Synchronised Asynchronous Operation: My Journey to Category Theory

April 13, 2017

In the last few days I’ve been dabbled in the world of abstract algebra with the goal of understanding and make sense the domain that I’ve been doing at office. In the world of distributed system, parallelism and asynchrony is inevitable. In the server, we have things like NodeJS or Vert.x. All client app, like web, native mobile, are all built on top of the common theme of event loop and asynchronous event handling.

It does not take me long time to recognise that it happens everywhere. When I open the home screen of my app these things happen:

The app will build the state of the home screen by asynchronously fetching bits of data from product catalogue to get the product information. It also need something from product recommendation to decide where to put that information on screen. There are also banners from marketing services. To show that little number of item in the cart, it needs to get that data from order processing. Not to mention all the interaction and animation. Altogether build the state of the home screen.

What will happen if the marketing service is down, or timed out? What will happen if the internet is dead, or when it connected 3 seconds later. It is increasingly difficult to make sense how to build the home screen with all edge cases included. The code in MainActivity class becomes mishmash of state management and transition and hard to reason about without running it.

Callbacks and their hell

Pattern like callbacks in Javascript starts to emerge which basically states:

For every operation in which the result can be a success or failure, provide an anonymous or named function for both success and failure.
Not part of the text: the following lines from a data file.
(* Let $\mathcal{A}$ be a unital semiprime algebra over a field $F$ with $\operatorname{char}(F)\neq 2$. Then $\operatorname{GJDer}(\mathcal{A})=\operatorname{Cent}(\mathcal{A})+\operatorname{Der}(\mathcal{A})$.
   Context: $\mathcal{A}$ is semiprime if $a\mathcal{A}a=\{0\}$ implies $a=0$. For $x,y\in\mathcal{A}$ let $x\circ y=xy+yx$. $\operatorname{GJDer}(\mathcal{A})$ is the set of linear maps $f:\mathcal{A}\to\mathcal{A}$ for which there exist linear maps $g,h:\mathcal{A}\to\mathcal{A}$ with $f(x)\circ y+x\circ g(y)=h(x\circ y)$ for all $x,y\in\mathcal{A}$. $\operatorname{Cent}(\mathcal{A})$ is the set of linear maps $f$ with $f(xy)=f(x)y=xf(y)$ for all $x,y$ (centralizers). $\operatorname{Der}(\mathcal{A})$ is the set of derivations, i.e. linear $d$ with $d(xy)=d(x)y+xd(y)$. The sum of two sets of maps is the set of pointwise sums. *)

theory Defs
  imports Main
begin

text \<open>An associative algebra over a field 'k: the carrier is a type of class ring
  (associative, not necessarily unital at the class level), with a scalar action sc.\<close>

definition is_algebra :: "('k::field \<Rightarrow> 'a::ring \<Rightarrow> 'a) \<Rightarrow> bool" where
  "is_algebra sc \<longleftrightarrow>
     (\<forall>c x y. sc c (x + y) = sc c x + sc c y) \<and>
     (\<forall>c d x. sc (c + d) x = sc c x + sc d x) \<and>
     (\<forall>c d x. sc (c * d) x = sc c (sc d x)) \<and>
     (\<forall>x. sc 1 x = x) \<and>
     (\<forall>c x y. sc c (x * y) = sc c x * y) \<and>
     (\<forall>c x y. sc c (x * y) = x * sc c y)"

definition unital :: "'a::ring itself \<Rightarrow> bool" where
  "unital _ \<longleftrightarrow> (\<exists>e::'a. \<forall>x. e * x = x \<and> x * e = x)"

definition semiprime :: "'a::ring itself \<Rightarrow> bool" where
  "semiprime _ \<longleftrightarrow> (\<forall>a::'a. (\<forall>x. a * x * a = 0) \<longrightarrow> a = 0)"

definition is_linear :: "('k::field \<Rightarrow> 'a::ring \<Rightarrow> 'a) \<Rightarrow> ('a \<Rightarrow> 'a) \<Rightarrow> bool" where
  "is_linear sc f \<longleftrightarrow> (\<forall>x y. f (x + y) = f x + f y) \<and> (\<forall>c x. f (sc c x) = sc c (f x))"

definition jcirc :: "'a::ring \<Rightarrow> 'a \<Rightarrow> 'a" where
  "jcirc x y = x * y + y * x"

definition GJDer :: "('k::field \<Rightarrow> 'a::ring \<Rightarrow> 'a) \<Rightarrow> ('a \<Rightarrow> 'a) set" where
  "GJDer sc = {f. is_linear sc f \<and>
      (\<exists>g h. is_linear sc g \<and> is_linear sc h \<and>
         (\<forall>x y. jcirc (f x) y + jcirc x (g y) = h (jcirc x y)))}"

definition Cent :: "('k::field \<Rightarrow> 'a::ring \<Rightarrow> 'a) \<Rightarrow> ('a \<Rightarrow> 'a) set" where
  "Cent sc = {f. is_linear sc f \<and> (\<forall>x y. f (x * y) = f x * y \<and> f (x * y) = x * f y)}"

definition Der :: "('k::field \<Rightarrow> 'a::ring \<Rightarrow> 'a) \<Rightarrow> ('a \<Rightarrow> 'a) set" where
  "Der sc = {d. is_linear sc d \<and> (\<forall>x y. d (x * y) = d x * y + x * d y)}"

definition map_setsum :: "('a \<Rightarrow> 'b::plus) set \<Rightarrow> ('a \<Rightarrow> 'b) set \<Rightarrow> ('a \<Rightarrow> 'b) set" where
  "map_setsum S T = {(\<lambda>x. f x + g x) | f g. f \<in> S \<and> g \<in> T}"

end

theory Submission
  imports Defs
begin

text \<open>Putting the unit e into either argument of f(x) \<circ> y + x \<circ> g(y) = h(x \<circ> y) expresses 2g and 2h
  through f, a = f(e) and b = g(e); the symmetry of \<circ> then shows that a - b commutes with all
  commutators, hence is central, and F = 2f satisfies F(x \<circ> y) = F(x) \<circ> y + x \<circ> F(y) - (x \<circ> y) \<circ> a.
  Applying F to the linearized Jordan identity, the F-terms cancel and leave identities in the
  inner derivation ad a, from which semiprimeness forces (ad a)^3 = 0, then (ad a)^2 = 0, and
  finally that a is central. Then x \<mapsto> f(x) - a x is a Jordan derivation, hence a derivation by
  Herstein's theorem, and f is the sum of the centralizer x \<mapsto> a x and this derivation.\<close>

section \<open>Semiprime rings\<close>

definition two_torsion_free :: "'a::ring itself \<Rightarrow> bool" where
  "two_torsion_free _ \<longleftrightarrow> (\<forall>x::'a. x + x = 0 \<longrightarrow> x = 0)"

definition ad :: "'a::ring \<Rightarrow> 'a \<Rightarrow> 'a" where
  "ad a x = a * x - x * a"

lemma semiprimeD: "semiprime TYPE('a::ring) \<Longrightarrow> (\<And>x. a * x * a = 0) \<Longrightarrow> a = (0::'a)"
  unfolding semiprime_def by blast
Platforms like Web Browser, NodeJS, or even Vert.x prohibit long computation and blocking thread. I/O will take sometime to finish, so rather than blocking the whole event loop, we submit operations and give success and failure callbacks when it happens. Consider this pseudocode

function fetchFromDatabase(connection, success, failure) {
  connection.doQuery("SELECT FROM Order WHERE id= ?", 
    113243, success, failure);

So far so good, but how about after getting successful result, we want to also publish to the event queue and consider successful if all of the operation succeeded.

function fetchFromDatabaseAndSendToQueue(connection, queue, success, failure) {
  connection.doquery("SELECT FROM Order WHERE id =?", 
    function(result) {
      queue.send(result, success, failure)

We see that on every synchronous operation, We need to go one level deeper. The more operations we want, the deeper the nesting and indentation is. This is known affectionally by programmers as the callback hell.

One Step to the Promise-land

To fix this problem ECMAScript 6 introduces Promise. Promise is a structure to express an asynchronous operation. It says that it will solve the callback hell.

let timeoutPromise = new Promise((resolve, reject) => {
  setTimeout(() => resolve("success"), 250);

timeOutPromise.then((msg) => console.log(msg));

Seems promising, the arrow function syntax on ES6 helps so much in cleaning up the syntax. However because Promise is modelled after operation, it’s still hard to compose them. Say we want some synchronous and asynchronous operation as follows:

Let get files from directory, open and process them, and then write its result.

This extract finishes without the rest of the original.